What to do: Return, from the material below, each line in which "exponent" occurs.

Source data:
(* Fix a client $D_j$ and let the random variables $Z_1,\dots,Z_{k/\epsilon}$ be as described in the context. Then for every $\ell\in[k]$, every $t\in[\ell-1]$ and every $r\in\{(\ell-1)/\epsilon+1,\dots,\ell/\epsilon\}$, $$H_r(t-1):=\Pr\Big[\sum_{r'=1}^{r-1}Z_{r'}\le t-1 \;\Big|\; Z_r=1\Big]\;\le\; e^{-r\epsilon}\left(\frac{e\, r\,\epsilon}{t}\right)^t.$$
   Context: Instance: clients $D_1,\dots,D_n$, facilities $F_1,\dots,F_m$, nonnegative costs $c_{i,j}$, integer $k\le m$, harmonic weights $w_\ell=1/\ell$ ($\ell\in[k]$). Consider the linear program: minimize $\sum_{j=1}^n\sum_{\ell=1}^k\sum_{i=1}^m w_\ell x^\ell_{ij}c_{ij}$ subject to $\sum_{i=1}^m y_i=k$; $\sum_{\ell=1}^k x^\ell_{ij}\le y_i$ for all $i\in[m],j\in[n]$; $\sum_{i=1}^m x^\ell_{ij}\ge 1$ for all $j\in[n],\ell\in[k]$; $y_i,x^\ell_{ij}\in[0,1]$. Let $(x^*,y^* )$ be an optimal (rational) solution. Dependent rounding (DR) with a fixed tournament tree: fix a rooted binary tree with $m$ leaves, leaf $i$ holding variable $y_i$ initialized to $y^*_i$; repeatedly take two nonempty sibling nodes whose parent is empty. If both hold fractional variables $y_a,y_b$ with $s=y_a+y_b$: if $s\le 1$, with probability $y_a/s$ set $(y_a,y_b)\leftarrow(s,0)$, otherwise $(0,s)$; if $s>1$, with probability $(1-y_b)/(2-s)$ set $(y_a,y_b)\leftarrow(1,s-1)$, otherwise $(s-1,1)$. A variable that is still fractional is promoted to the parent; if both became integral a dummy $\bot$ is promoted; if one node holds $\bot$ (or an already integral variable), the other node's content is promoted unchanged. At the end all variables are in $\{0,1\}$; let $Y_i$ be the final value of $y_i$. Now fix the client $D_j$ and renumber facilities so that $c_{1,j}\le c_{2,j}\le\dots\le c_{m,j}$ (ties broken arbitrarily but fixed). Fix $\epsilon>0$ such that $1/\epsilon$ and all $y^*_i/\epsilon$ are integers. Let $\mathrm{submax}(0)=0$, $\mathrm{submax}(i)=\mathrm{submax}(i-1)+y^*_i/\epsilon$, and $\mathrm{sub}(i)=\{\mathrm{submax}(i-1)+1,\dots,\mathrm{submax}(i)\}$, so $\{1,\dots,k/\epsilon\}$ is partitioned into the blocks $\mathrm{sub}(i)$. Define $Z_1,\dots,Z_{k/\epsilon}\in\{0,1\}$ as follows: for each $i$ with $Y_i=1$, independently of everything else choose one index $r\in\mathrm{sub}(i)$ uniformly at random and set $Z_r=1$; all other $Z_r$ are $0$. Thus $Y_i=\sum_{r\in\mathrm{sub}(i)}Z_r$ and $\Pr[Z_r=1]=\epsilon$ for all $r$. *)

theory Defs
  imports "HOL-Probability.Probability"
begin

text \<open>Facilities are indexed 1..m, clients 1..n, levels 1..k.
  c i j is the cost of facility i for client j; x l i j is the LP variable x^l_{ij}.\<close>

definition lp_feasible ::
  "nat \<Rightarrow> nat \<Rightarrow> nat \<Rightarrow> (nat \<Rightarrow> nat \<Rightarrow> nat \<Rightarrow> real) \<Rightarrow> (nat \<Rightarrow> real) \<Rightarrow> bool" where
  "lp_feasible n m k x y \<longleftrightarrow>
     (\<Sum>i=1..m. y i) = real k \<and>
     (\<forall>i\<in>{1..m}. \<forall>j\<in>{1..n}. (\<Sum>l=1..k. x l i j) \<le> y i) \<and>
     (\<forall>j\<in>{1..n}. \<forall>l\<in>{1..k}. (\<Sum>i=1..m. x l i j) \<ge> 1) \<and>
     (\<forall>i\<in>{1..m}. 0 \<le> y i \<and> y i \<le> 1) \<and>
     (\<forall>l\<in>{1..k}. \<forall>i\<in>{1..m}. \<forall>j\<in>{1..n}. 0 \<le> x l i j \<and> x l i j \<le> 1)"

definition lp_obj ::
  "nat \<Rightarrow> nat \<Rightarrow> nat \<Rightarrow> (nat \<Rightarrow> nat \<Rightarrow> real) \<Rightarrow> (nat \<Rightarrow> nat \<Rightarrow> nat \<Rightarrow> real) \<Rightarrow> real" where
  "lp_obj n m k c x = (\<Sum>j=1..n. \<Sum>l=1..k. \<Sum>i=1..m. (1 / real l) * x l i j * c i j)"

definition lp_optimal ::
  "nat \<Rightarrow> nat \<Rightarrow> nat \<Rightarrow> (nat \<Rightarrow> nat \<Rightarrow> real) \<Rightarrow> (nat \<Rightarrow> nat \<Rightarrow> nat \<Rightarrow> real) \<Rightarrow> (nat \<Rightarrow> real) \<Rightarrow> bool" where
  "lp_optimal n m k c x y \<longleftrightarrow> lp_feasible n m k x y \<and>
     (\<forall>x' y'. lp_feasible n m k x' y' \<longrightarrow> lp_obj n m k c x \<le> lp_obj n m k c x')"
---
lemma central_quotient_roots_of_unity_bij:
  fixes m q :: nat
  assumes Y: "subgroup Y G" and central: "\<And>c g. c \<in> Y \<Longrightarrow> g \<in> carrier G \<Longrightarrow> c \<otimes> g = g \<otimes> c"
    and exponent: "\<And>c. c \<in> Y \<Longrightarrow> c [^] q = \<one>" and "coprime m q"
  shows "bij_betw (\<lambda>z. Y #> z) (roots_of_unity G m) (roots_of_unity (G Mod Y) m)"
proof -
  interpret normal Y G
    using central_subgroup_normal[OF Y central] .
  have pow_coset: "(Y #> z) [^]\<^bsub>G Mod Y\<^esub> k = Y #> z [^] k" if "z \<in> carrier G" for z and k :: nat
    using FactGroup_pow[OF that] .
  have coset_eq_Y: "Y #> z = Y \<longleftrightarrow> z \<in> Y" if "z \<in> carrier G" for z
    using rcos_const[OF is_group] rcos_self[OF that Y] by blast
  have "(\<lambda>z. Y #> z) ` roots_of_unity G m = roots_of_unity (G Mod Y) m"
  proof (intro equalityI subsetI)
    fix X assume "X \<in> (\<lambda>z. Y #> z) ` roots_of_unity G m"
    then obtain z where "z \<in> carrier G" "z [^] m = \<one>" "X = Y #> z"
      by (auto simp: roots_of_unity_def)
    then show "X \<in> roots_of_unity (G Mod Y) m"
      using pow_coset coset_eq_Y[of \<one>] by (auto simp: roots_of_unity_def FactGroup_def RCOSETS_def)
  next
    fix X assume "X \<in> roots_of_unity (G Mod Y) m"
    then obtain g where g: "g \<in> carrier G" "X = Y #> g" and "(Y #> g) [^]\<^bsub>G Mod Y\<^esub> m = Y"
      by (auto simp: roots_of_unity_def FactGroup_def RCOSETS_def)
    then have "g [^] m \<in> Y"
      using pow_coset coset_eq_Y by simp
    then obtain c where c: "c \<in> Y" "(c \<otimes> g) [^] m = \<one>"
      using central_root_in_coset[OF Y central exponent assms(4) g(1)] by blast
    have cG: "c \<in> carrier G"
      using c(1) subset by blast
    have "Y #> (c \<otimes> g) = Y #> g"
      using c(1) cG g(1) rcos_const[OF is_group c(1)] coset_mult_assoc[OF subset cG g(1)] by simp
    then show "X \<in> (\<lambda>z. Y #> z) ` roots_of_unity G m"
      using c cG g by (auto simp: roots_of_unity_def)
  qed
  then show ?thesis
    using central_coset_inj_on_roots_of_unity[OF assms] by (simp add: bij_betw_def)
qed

Solved problem:
    and exponent: "\<And>c. c \<in> Y \<Longrightarrow> c [^] q = \<one>" and "coprime m q"
      using central_root_in_coset[OF Y central exponent assms(4) g(1)] by blast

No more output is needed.